Rod proved as much with a stunning show: more than two hours of wall-to-wall hits.

From the moment he walked on stage to an ear-splitting roar, milking every moment of the acclaim, he never let the pace drop.

This was a celebration of every solo hit record he has had … and a couple of Faces’ classics thrown in for good measure. Handbags and Gladrags was the opener and already the crowd were in fine voice. A bluesy First Cut Is The Deepest, Rhythm of the Heart, Someone Like You and, harking back to his first timeless solo album, Every Picture Tells A Story, quickly followed.

The Faces’ rocker Stay With Me gave his backing band, which included a string quartet dressed up as St Trinian’s girls, the chance to show off their musical dexterity while Rod displayed some neat soccer skills, hammering around two dozen signed footballs into the audience.
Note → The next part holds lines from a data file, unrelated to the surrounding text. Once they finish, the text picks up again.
lemma prod_mset_increment_ge:
  fixes a d :: "'a \<Rightarrow> 'b::linordered_idom"
  assumes "g0 \<in># e" and "\<And>g. g \<in># e \<Longrightarrow> 0 \<le> a g \<and> 0 \<le> d g"
  shows "d g0 * (\<Prod>g\<in>#e - {#g0#}. a g) \<le> (\<Prod>g\<in>#e. a g + d g) - (\<Prod>g\<in>#e. a g)"
proof -
  obtain e' where e: "e = add_mset g0 e'" using assms(1) by (metis mset_add)
  have "(\<Prod>g\<in>#e'. a g) \<le> (\<Prod>g\<in>#e'. a g + d g)" using assms(2) e by (simp add: prod_mset_mono)
  moreover have "0 \<le> a g0 + d g0" using assms e by auto
  ultimately have "(a g0 + d g0) * (\<Prod>g\<in>#e'. a g) \<le> (a g0 + d g0) * (\<Prod>g\<in>#e'. a g + d g)"
    by (rule mult_left_mono)
  then show ?thesis using e by (simp add: algebra_simps)
qed

lemma prob_of_nonneg: "(\<And>h. h \<in> U \<Longrightarrow> 0 \<le> P h) \<Longrightarrow> 0 \<le> prob_of P U"
  unfolding prob_of_def by (rule sum_nonneg)

lemma prob_of_mono:
  "finite V \<Longrightarrow> U \<subseteq> V \<Longrightarrow> (\<And>h. h \<in> V \<Longrightarrow> 0 \<le> P h) \<Longrightarrow> prob_of P U \<le> prob_of P V"
  unfolding prob_of_def by (rule sum_mono2) auto

lemma prob_of_insert: "finite U \<Longrightarrow> h \<notin> U \<Longrightarrow> prob_of P (insert h U) = P h + prob_of P U"
  unfolding prob_of_def by simp

lemma prob_of_Int_insert:
  "finite g \<Longrightarrow> h \<notin> U \<Longrightarrow>
    prob_of P (g \<inter> insert h U) = prob_of P (g \<inter> U) + (if h \<in> g then P h else 0)"
  by (cases "h \<in> g") (auto simp: Int_insert_right prob_of_insert)

lemma expected_gain_step_inequality:
  fixes Q Q1 M A B c d p1 :: real
  assumes "Q = Q1 + c * M + d * B" and "B \<le> A" and "(c + d) * M \<le> Q"
    and "c * M \<le> (c + p1) * A" and "0 \<le> c" and "0 \<le> d" and "d \<le> p1" and "0 < p1"
  shows "Q / (c + p1) - Q1 / p1 \<le> A"
proof -
  define p where "p = c + p1"
  have "0 < p" using assms unfolding p_def by simp
  have "Q * p1 - Q1 * p = p * (c * M + d * B) - c * Q"
    unfolding assms(1) p_def by (simp add: algebra_simps)
  also have "\<dots> \<le> p * (c * M + d * A) - c * ((c + d) * M)"
    using assms \<open>0 < p\<close> by (intro diff_mono mult_left_mono add_left_mono) auto
  also have "\<dots> = (p - (c + d)) * (c * M) + p * d * A" by (simp add: algebra_simps)
  also have "\<dots> \<le> (p - (c + d)) * (p * A) + p * d * A"
    using assms unfolding p_def by (simp add: mult_left_mono)
  also have "\<dots> = A * (p * p1)" unfolding p_def by (simp add: algebra_simps)
  finally have numerator: "Q * p1 - Q1 * p \<le> A * (p * p1)" .
  have "Q / p - Q1 / p1 = (Q * p1 - Q1 * p) / (p * p1)"
    using \<open>0 < p\<close> assms by (simp add: field_simps)
  also have "\<dots> \<le> A" using numerator \<open>0 < p\<close> assms by (simp add: pos_divide_le_eq)
  finally show ?thesis unfolding p_def .
qed

locale hec =
  fixes H :: "'a set" and R :: "'a set set" and P :: "'a \<Rightarrow> real"
  assumes finite_H: "finite H" and finite_R: "finite R"
    and prior_nonneg: "\<And>h. h \<in> H \<Longrightarrow> 0 \<le> P h"
begin

abbreviation G where "G \<equiv> subregions H R"
abbreviation E where "E \<equiv> hec_edges H R"
abbreviation k where "k \<equiv> hec_k H R"

definition subregion :: "'a \<Rightarrow> 'a set" where
  "subregion h = {h'\<in>H. \<forall>r\<in>R. (h \<in> r) = (h' \<in> r)}"

lemma subregions_eq: "G = subregion ` H"
  by (simp add: subregions_def subregion_def[abs_def])

lemma finite_subregions: "finite G"
  using finite_H subregions_eq by simp

lemma subregion_subset: "g \<in> G \<Longrightarrow> g \<subseteq> H"
  by (auto simp: subregions_eq subregion_def)

lemma in_own_subregion: "h \<in> H \<Longrightarrow> h \<in> subregion h"
  by (simp add: subregion_def)

lemma subregions_disjoint: "g1 \<in> G \<Longrightarrow> g2 \<in> G \<Longrightarrow> x \<in> g1 \<Longrightarrow> x \<in> g2 \<Longrightarrow> g1 = g2"
  by (auto simp: subregions_eq subregion_def)

lemma hec_edge_subregion: "e \<in> E \<Longrightarrow> g \<in># e \<Longrightarrow> g \<in> G"
  by (auto simp: hec_edges_def)

lemma finite_hec_edges: "finite E"
proof -
  have "E \<subseteq> multisets_of_size G k" by (auto simp: hec_edges_def multisets_of_size_def)
  then show ?thesis using finite_subregions finite_multisets_of_size finite_subset by blast
qed

lemma hec_k_bound: "(\<forall>h\<in>H. card {r\<in>R. h \<in> r} < k) \<or> (\<forall>r\<in>R. card {g\<in>G. g \<subseteq> r} < k)"
proof -
  define a where "a = Max ((\<lambda>h. card {r\<in>R. h \<in> r}) ` H)"
  define b where "b = Max ((\<lambda>r. card {g\<in>G. g \<subseteq> r}) ` R)"
  have "\<forall>h\<in>H. card {r\<in>R. h \<in> r} \<le> a" unfolding a_def using finite_H by simp
  moreover have "\<forall>r\<in>R. card {g\<in>G. g \<subseteq> r} \<le> b" unfolding b_def using finite_R by simp
  moreover have "k = min a b + 1" unfolding a_def b_def hec_k_def by simp
  ultimately show ?thesis by (cases "a \<le> b") auto
qed

text \<open>If every member \<open>h\<close> of an edge is dropped in turn and the rest is covered by a
region \<open>\<rho> h\<close>, then \<open>h \<not>\<subseteq> \<rho> h\<close>, since the edge itself is covered by no region.\<close>

lemma hec_edge_cover_injective:
  assumes e: "e \<in> E"
    and cover: "\<And>h. h \<in># e \<Longrightarrow> \<rho> h \<in> R \<and> (\<forall>g\<in>#e - {#h#}. g \<subseteq> \<rho> h)"
  shows "card (set_mset e) = k" and "inj_on \<rho> (set_mset e)"
proof -
  have uncovered: "\<not> (\<forall>g\<in>#e. g \<subseteq> r)" if "r \<in> R" for r
    using e that by (auto simp: hec_edges_def)
  have missed: "\<not> h \<subseteq> \<rho> h" if h: "h \<in># e" for h
  proof
    assume "h \<subseteq> \<rho> h"
    then have "\<forall>g\<in>#add_mset h (e - {#h#}). g \<subseteq> \<rho> h" using cover[OF h] by auto
    then show False using uncovered cover[OF h] h by (simp add: insert_DiffM)
  qed
  have "count e h = 1" if h: "h \<in># e" for h
  proof (rule ccontr)
    assume "count e h \<noteq> 1"
    moreover have "0 < count e h" using h by (simp only: count_greater_zero_iff)
    ultimately have "1 < count e h" by linarith
    then have "h \<in># e - {#h#}" by (simp add: in_diff_count)
    then show False using cover[OF h] missed[OF h] by blast
  qed
  then have "size e = (\<Sum>h\<in>set_mset e. 1)"
    by (simp add: size_multiset_overloaded_eq)
  then show "card (set_mset e) = k" using e by (simp add: hec_edges_def)
  show "inj_on \<rho> (set_mset e)"
  proof (rule inj_onI, rule ccontr)
    fix h1 h2 assume h: "h1 \<in># e" "h2 \<in># e" "\<rho> h1 = \<rho> h2" "h1 \<noteq> h2"
    then have "h1 \<in># e - {#h2#}" by (simp add: in_diff_count)
    then show False using cover[OF h(2)] missed[OF h(1)] h(3) by auto
  qed
qed

lemma hec_edge_exchange:
  assumes e: "e \<in> E" and g0: "g0 \<in> G"
  shows "\<exists>h\<in>#e. add_mset g0 (e - {#h#}) \<in> E"
proof (rule ccontr)
  assume no_exchange: "\<not> ?thesis"
  have g0_notin: "g0 \<notin># e" using no_exchange e by (metis insert_DiffM)
  have "\<exists>r\<in>R. \<forall>g\<in>#add_mset g0 (e - {#h#}). g \<subseteq> r" if h: "h \<in># e" for h
  proof -
    have "size e = k" using e by (simp add: hec_edges_def)
    moreover have "size e \<noteq> 0" using h by auto
    ultimately have "size (add_mset g0 (e - {#h#})) = k" using h by (simp add: size_Diff_singleton)
    moreover have "set_mset (add_mset g0 (e - {#h#})) \<subseteq> G"
      using e g0 by (auto simp: hec_edges_def dest: in_diffD)
    ultimately show ?thesis using no_exchange h by (auto simp: hec_edges_def)
  qed
  then obtain \<rho> where \<rho>: "\<And>h. h \<in># e \<Longrightarrow> \<rho> h \<in> R \<and> (\<forall>g\<in>#add_mset g0 (e - {#h#}). g \<subseteq> \<rho> h)"
    by metis
  define D where "D = set_mset e"
  have card_D: "card D = k" and inj: "inj_on \<rho> D"
    using hec_edge_cover_injective[OF e, of \<rho>] \<rho> unfolding D_def by auto
  obtain h0 where h0: "h0 \<in> H" "g0 = subregion h0" using g0 subregions_eq by auto
  from hec_k_bound show False
  proof
    assume bound: "\<forall>h\<in>H. card {r\<in>R. h \<in> r} < k"
    have "\<rho> ` D \<subseteq> {r\<in>R. h0 \<in> r}" using \<rho> h0 in_own_subregion unfolding D_def by fastforce
    then have "card (\<rho> ` D) \<le> card {r\<in>R. h0 \<in> r}" using finite_R by (simp add: card_mono)
    then show False using bound h0 card_D card_image[OF inj] by auto
  next
    assume bound: "\<forall>r\<in>R. card {g\<in>G. g \<subseteq> r} < k"
    obtain h1 where h1: "h1 \<in> D" using card_D by (fastforce simp: hec_k_def)
    have "card D \<noteq> 0" using h1 unfolding D_def by auto
    have "D - {h1} \<subseteq> set_mset (e - {#h1#})" unfolding D_def by (simp add: subset_iff in_diff_count)
    then have "insert g0 (D - {h1}) \<subseteq> {g\<in>G. g \<subseteq> \<rho> h1}"
      using \<rho>[of h1] h1 g0 e unfolding D_def by (auto simp: hec_edges_def)
    then have "card (insert g0 (D - {h1})) \<le> card {g\<in>G. g \<subseteq> \<rho> h1}"
      using finite_subregions by (simp add: card_mono)
    moreover have "card (insert g0 (D - {h1})) = k"
      using g0_notin h1 card_D \<open>card D \<noteq> 0\<close> unfolding D_def by (simp add: card_Diff_singleton)
    ultimately show False using bound \<rho>[of h1] h1 unfolding D_def by fastforce
  qed
qed
(* For fixed $\xi\in[0,e^{h\tau}]$, regard $G(\xi;\beta)$ as a set-valued function of $\beta\in[0,1]$. If $\theta^*(0)>0$ then $\beta\mapsto G(\xi;\beta)$ is non-decreasing, and if $\theta^*(0)<0$ then $\beta\mapsto G(\xi;\beta)$ is non-increasing, where a set-valued map $f$ is non-decreasing (resp. non-increasing) if $b_1<b_2$ implies $f_1\le f_2$ (resp. $f_2\le f_1$) for all $f_i\in f(b_i)$.
   Context: Let $B$ be a one-dimensional standard Brownian motion on a complete probability space $(\Omega,\mathcal F,\mathbb P)$ with augmented natural filtration $(\mathcal F_t)$. Constants $\mu,r\in\mathbb R$, $\sigma>0$, $\phi:=(\mu-r)/\sigma\neq0$; pricing kernel $Z_t=\exp(-\phi B_t-(r+\phi^2/2)t)$. Fix $\tau>0$, $\alpha\in(0,1)$, $k\ge0$, $\gamma>0$, $\delta>0$, and assume $\delta>h:=r\alpha+\frac{\alpha\phi^2}{2(1-\alpha)}$. $U(x)=x^\alpha$ for $x\ge0$, $U(x)=-k|x|^\alpha$ for $x<0$. $\mathcal Y$ is the set of $\mathcal F_\tau$-measurable $Y\ge0$ with $\mathbb E[Z_\tau Y]\le1$. $F(y;\theta):=U(y-\gamma)+\theta y^\alpha$, $\Phi(\theta):=\sup_{Y\in\mathcal Y}\mathbb E[F(Y;\theta)]$. For $\kappa\in[0,1]$, $\theta^*(\kappa)$ is the unique fixed point of the contraction $\theta\mapsto e^{-\delta\tau}\Phi(\kappa\theta)$ (it does not depend on $\beta$). For $\beta\in[0,1]$ and $\xi\in[0,e^{h\tau}]$, $G(\xi;\beta):=\{\mathbb E[Y^\alpha]:Y\in\arg\max_{Y\in\mathcal Y}\mathbb E[F(Y;\kappa\theta^*(\kappa))]\}$ with $\kappa=\beta/(1-(1-\beta)e^{-\delta\tau}\xi)$. *)

theory Defs
  imports "HOL-Probability.Probability"
begin

definition brownian_motion :: "'a measure \<Rightarrow> (real \<Rightarrow> 'a \<Rightarrow> real) \<Rightarrow> bool" where
  "brownian_motion M B \<longleftrightarrow>
     prob_space M \<and>
     (\<forall>t\<ge>0. B t \<in> borel_measurable M) \<and>
     (AE \<omega> in M. B 0 \<omega> = 0) \<and>
     (AE \<omega> in M. continuous_on {0..} (\<lambda>t. B t \<omega>)) \<and>
     (\<forall>s t. 0 \<le> s \<and> s < t \<longrightarrow>
        distributed M lborel (\<lambda>\<omega>. B t \<omega> - B s \<omega>) (\<lambda>x. ennreal (normal_density 0 (sqrt (t - s)) x))) \<and>
     (\<forall>(ts :: nat \<Rightarrow> real) n. 0 \<le> ts 0 \<and> (\<forall>i<n. ts i \<le> ts (Suc i)) \<longrightarrow>
        prob_space.indep_vars M (\<lambda>_. borel) (\<lambda>i \<omega>. B (ts (Suc i)) \<omega> - B (ts i) \<omega>) {..<n})"

definition aug_nat_filtr :: "'a measure \<Rightarrow> (real \<Rightarrow> 'a \<Rightarrow> real) \<Rightarrow> real \<Rightarrow> 'a measure" where
  "aug_nat_filtr M B t = sigma (space M)
     ({B s -` A \<inter> space M | s A. 0 \<le> s \<and> s \<le> t \<and> A \<in> sets borel} \<union> null_sets M)"

definition pricing_kernel :: "(real \<Rightarrow> 'a \<Rightarrow> real) \<Rightarrow> real \<Rightarrow> real \<Rightarrow> real \<Rightarrow> 'a \<Rightarrow> real" where
  "pricing_kernel B \<phi> r t \<omega> = exp (- \<phi> * B t \<omega> - (r + \<phi>\<^sup>2 / 2) * t)"

definition Uf :: "real \<Rightarrow> real \<Rightarrow> real \<Rightarrow> real" where
  "Uf \<alpha> k x = (if x \<ge> 0 then x powr \<alpha> else - k * \<bar>x\<bar> powr \<alpha>)"

definition admissible :: "'a measure \<Rightarrow> (real \<Rightarrow> 'a \<Rightarrow> real) \<Rightarrow> real \<Rightarrow> real \<Rightarrow> real \<Rightarrow> ('a \<Rightarrow> real) set" where
  "admissible M B \<phi> r \<tau> = {Y. Y \<in> borel_measurable (aug_nat_filtr M B \<tau>) \<and>
       (\<forall>\<omega>\<in>space M. 0 \<le> Y \<omega>) \<and>
       (\<integral>\<^sup>+ \<omega>. ennreal (pricing_kernel B \<phi> r \<tau> \<omega> * Y \<omega>) \<partial>M) \<le> 1}"

definition Fobj :: "real \<Rightarrow> real \<Rightarrow> real \<Rightarrow> real \<Rightarrow> real \<Rightarrow> real" where
  "Fobj \<alpha> k \<gamma> \<theta> y = Uf \<alpha> k (y - \<gamma>) + \<theta> * y powr \<alpha>"

definition Phi :: "'a measure \<Rightarrow> (real \<Rightarrow> 'a \<Rightarrow> real) \<Rightarrow> real \<Rightarrow> real \<Rightarrow> real \<Rightarrow> real \<Rightarrow> real \<Rightarrow> real \<Rightarrow> real \<Rightarrow> real" where
  "Phi M B \<phi> r \<tau> \<alpha> k \<gamma> \<theta> =
     (SUP Y \<in> admissible M B \<phi> r \<tau>. (\<integral>\<omega>. Fobj \<alpha> k \<gamma> \<theta> (Y \<omega>) \<partial>M))"

definition theta_star :: "'a measure \<Rightarrow> (real \<Rightarrow> 'a \<Rightarrow> real) \<Rightarrow> real \<Rightarrow> real \<Rightarrow> real \<Rightarrow> real \<Rightarrow> real \<Rightarrow> real \<Rightarrow> real \<Rightarrow> real \<Rightarrow> real" where
  "theta_star M B \<phi> r \<tau> \<alpha> k \<gamma> \<delta> \<kappa> =
     (THE \<theta>. \<theta> = exp (- \<delta> * \<tau>) * Phi M B \<phi> r \<tau> \<alpha> k \<gamma> (\<kappa> * \<theta>))"
(* Equip $K\hat N^\infty_*=\bigoplus_{n\ge1}K\hat N^n$ with the bilinear operations defined on names $\vec v,\vec w$ of degree $\ge1$ by $\vec v\prec\vec w:=\vec v_l\vee(\vec v_r\star\vec w)$ and $\vec v\succ\vec w:=(\vec v\star\vec w_l)\vee\vec w_r$. Then $(K\hat N^\infty_*,\prec,\succ)$ is a dendriform dialgebra with $\prec+\succ=\star$, and it is generated by $(1)$. Moreover, on $K\hat N^\infty=K()\oplus K\hat N^\infty_*$, setting $\vec v\prec():=\vec v=:()\succ\vec v$ and $\vec v\succ():=0=:()\prec\vec v$ for $\vec v\neq()$ (with $()\prec()$, $()\succ()$ undefined and $()\star()=()$), the dendriform axioms continue to hold whenever all terms are defined, and $\vec v\star()=()\star\vec v=\vec v$ for all $\vec v$.
   Context: $K$ is a field of characteristic zero. $\hat N^0=\{()\}$ and for $n\ge1$, $\hat N^n$ is the set of names of planar rooted binary trees with $n$ internal vertices; every element of $\hat N^n$, $n\ge1$, is uniquely $\vec v_l\vee\vec v_r:=(\vec v_l,1,p+1+\vec v_r)$ with $\vec v_l\in\hat N^p,\vec v_r\in\hat N^q$, $p+q+1=n$, where $k+(w_1,\dots,w_q)=(w_1+k,\dots,w_q+k)$; $\vee$ is extended bilinearly. For $\vec v\in\hat N^n,\vec w\in\hat N^m$: $\vec v\nearrow\vec w=(\vec v,n\triangleright w_1,\dots,n\triangleright w_m)$ with $n\triangleright a=a+n$ for $a\neq1$, $n\triangleright1=1$; $\vec v\nwarrow\vec w=(\vec v,n+\vec w)$. $\vec v\star\vec w$ is the sum of all $\vec t\in\hat N^{n+m}$ with $\vec v\nearrow\vec w\le\vec t\le\vec v\nwarrow\vec w$ (componentwise order), extended bilinearly, with $()\star\vec v=\vec v\star()=\vec v$. A dendriform dialgebra is a vector space $E$ with bilinear operations $\prec,\succ$ such that, with $x\star y:=x\prec y+x\succ y$: $(x\prec y)\prec z=x\prec(y\star z)$, $(x\succ y)\prec z=x\succ(y\prec z)$, $(x\star y)\succ z=x\succ(y\succ z)$ for all $x,y,z$. *)

theory Defs
  imports Main "HOL-Library.Function_Algebras"
begin

section \<open>Names of planar rooted binary trees\<close>

definition graft :: "nat list \<Rightarrow> nat list \<Rightarrow> nat list" where
  "graft l r = l @ [1] @ map (\<lambda>x. x + (length l + 1)) r"

inductive name :: "nat list \<Rightarrow> bool" where
  name_Nil: "name []"
| name_graft: "name l \<Longrightarrow> name r \<Longrightarrow> name (graft l r)"

text \<open>hat N^n: names of degree (= length = number of internal vertices) n\<close>
definition Nhat :: "nat \<Rightarrow> nat list set" where
  "Nhat n = {v. name v \<and> length v = n}"

definition split_name :: "nat list \<Rightarrow> nat list \<times> nat list" where
  "split_name v = (THE p. name (fst p) \<and> name (snd p) \<and> v = graft (fst p) (snd p))"

definition lft :: "nat list \<Rightarrow> nat list" where "lft v = fst (split_name v)"
definition rgt :: "nat list \<Rightarrow> nat list" where "rgt v = snd (split_name v)"

definition tri :: "nat \<Rightarrow> nat \<Rightarrow> nat" where
  "tri n a = (if a = 1 then 1 else a + n)"

definition nearrow :: "nat list \<Rightarrow> nat list \<Rightarrow> nat list" where
  "nearrow v w = v @ map (tri (length v)) w"

definition nwarrow :: "nat list \<Rightarrow> nat list \<Rightarrow> nat list" where
  "nwarrow v w = v @ map (\<lambda>a. a + length v) w"

section \<open>The vector space K hat N^\<infinity> as finitely supported functions on names\<close>

definition supp :: "(nat list \<Rightarrow> 'a::zero) \<Rightarrow> nat list set" where
  "supp f = {v. f v \<noteq> 0}"

text \<open>K hat N^\<infinity> (all degrees, including ()) and K hat N^\<infinity>_* (degrees \<ge> 1)\<close>
definition Vspace :: "(nat list \<Rightarrow> 'a::field_char_0) set" where
  "Vspace = {f. finite (supp f) \<and> supp f \<subseteq> {v. name v}}"

definition Vstar :: "(nat list \<Rightarrow> 'a::field_char_0) set" where
  "Vstar = {f \<in> Vspace. f [] = 0}"

definition bas :: "nat list \<Rightarrow> nat list \<Rightarrow> 'a::field_char_0" where
  "bas v = (\<lambda>t. if t = v then 1 else 0)"

definition smul :: "'a::field_char_0 \<Rightarrow> (nat list \<Rightarrow> 'a) \<Rightarrow> nat list \<Rightarrow> 'a" where
  "smul c f = (\<lambda>t. c * f t)"

definition lin2 :: "(nat list \<Rightarrow> nat list \<Rightarrow> nat list \<Rightarrow> 'a::field_char_0)
    \<Rightarrow> (nat list \<Rightarrow> 'a) \<Rightarrow> (nat list \<Rightarrow> 'a) \<Rightarrow> nat list \<Rightarrow> 'a" where
  "lin2 b f g = (\<lambda>t. \<Sum>v\<in>supp f. \<Sum>w\<in>supp g. f v * g w * b v w t)"

definition vee_b :: "nat list \<Rightarrow> nat list \<Rightarrow> nat list \<Rightarrow> 'a::field_char_0" where
  "vee_b v w = bas (graft v w)"

definition star_b :: "nat list \<Rightarrow> nat list \<Rightarrow> nat list \<Rightarrow> 'a::field_char_0" where
  "star_b v w = (if v = [] then bas w else if w = [] then bas v else
     (\<lambda>t. if t \<in> Nhat (length v + length w) \<and> list_all2 (\<le>) (nearrow v w) t
              \<and> list_all2 (\<le>) t (nwarrow v w) then 1 else 0))"

definition vee :: "(nat list \<Rightarrow> 'a::field_char_0) \<Rightarrow> (nat list \<Rightarrow> 'a) \<Rightarrow> nat list \<Rightarrow> 'a" where
  "vee = lin2 vee_b"

definition star :: "(nat list \<Rightarrow> 'a::field_char_0) \<Rightarrow> (nat list \<Rightarrow> 'a) \<Rightarrow> nat list \<Rightarrow> 'a" where
  "star = lin2 star_b"

text \<open>The value at ((),()) is a junk value 0; it is treated as undefined below.\<close>
definition prec_b :: "nat list \<Rightarrow> nat list \<Rightarrow> nat list \<Rightarrow> 'a::field_char_0" where
  "prec_b v w = (if v \<noteq> [] \<and> w \<noteq> [] then vee (bas (lft v)) (star (bas (rgt v)) (bas w))
     else if v \<noteq> [] \<and> w = [] then bas v else 0)"
lemma sum_row_residual_mult:
  "(\<Sum>c\<in>UNIV. (A $ c \<bullet> x - b $ c) * (A $ c \<bullet> y)) = (A *v (x - xs)) \<bullet> (A *v y)"
proof -
  have "(\<Sum>c\<in>UNIV. (A $ c \<bullet> x - b $ c) * (A $ c \<bullet> y))
      = (\<Sum>c\<in>UNIV. (A *v (x - xs) + residual) $ c * (A *v y) $ c)"
    by (simp add: row_residual matrix_vector_mul_component)
  also have "\<dots> = (A *v (x - xs) + residual) \<bullet> (A *v y)"
    by (simp only: inner_vec_def inner_real_def)
  also have "\<dots> = (A *v (x - xs)) \<bullet> (A *v y)"
    using normal_equation[of y] by (simp add: inner_add_left inner_commute[of residual])
  finally show ?thesis .
qed

lemma sum_row_residual_sq:
  "(\<Sum>c\<in>UNIV. (A $ c \<bullet> x - b $ c)\<^sup>2) = (A *v (x - xs)) \<bullet> (A *v (x - xs)) + 2 * lsF A b xs"
proof -
  have "(\<Sum>c\<in>UNIV. (A $ c \<bullet> x - b $ c)\<^sup>2)
      = (\<Sum>c\<in>UNIV. (A *v (x - xs) + residual) $ c * (A *v (x - xs) + residual) $ c)"
    by (simp add: row_residual matrix_vector_mul_component power2_eq_square)
  also have "\<dots> = (A *v (x - xs) + residual) \<bullet> (A *v (x - xs) + residual)"
    by (simp only: inner_vec_def inner_real_def)
  finally show ?thesis
    using normal_equation[of "x - xs"]
    by (simp add: lsF_at_minimizer inner_add_left inner_add_right inner_commute[of residual "A *v (x - xs)"])
qed

lemma svd_expansion: "(\<Sum>j\<in>{1..CARD('n)}. (y \<bullet> v j) *\<^sub>R v j) = y"
  using orth by (intro orthonormal_expansion) auto

lemma svd_parseval: "y \<bullet> y = (\<Sum>j\<in>{1..CARD('n)}. (y \<bullet> v j)\<^sup>2)"
  using orth by (intro orthonormal_parseval) auto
The high point came with Maggie May when Rod walked away from the mike and allowed Nottingham to sing solo. Around 9,000 word-perfect voices in something like harmony tends to create a very special atmosphere.

For an encore he chose Sailing. The audience, to a man and woman, raised their arms and tried to raise the roof.

It was all over too soon. “I”m playing football at 10.30 in the morning,” he said. And with a wave he was gone. Still one of the lads is Rod.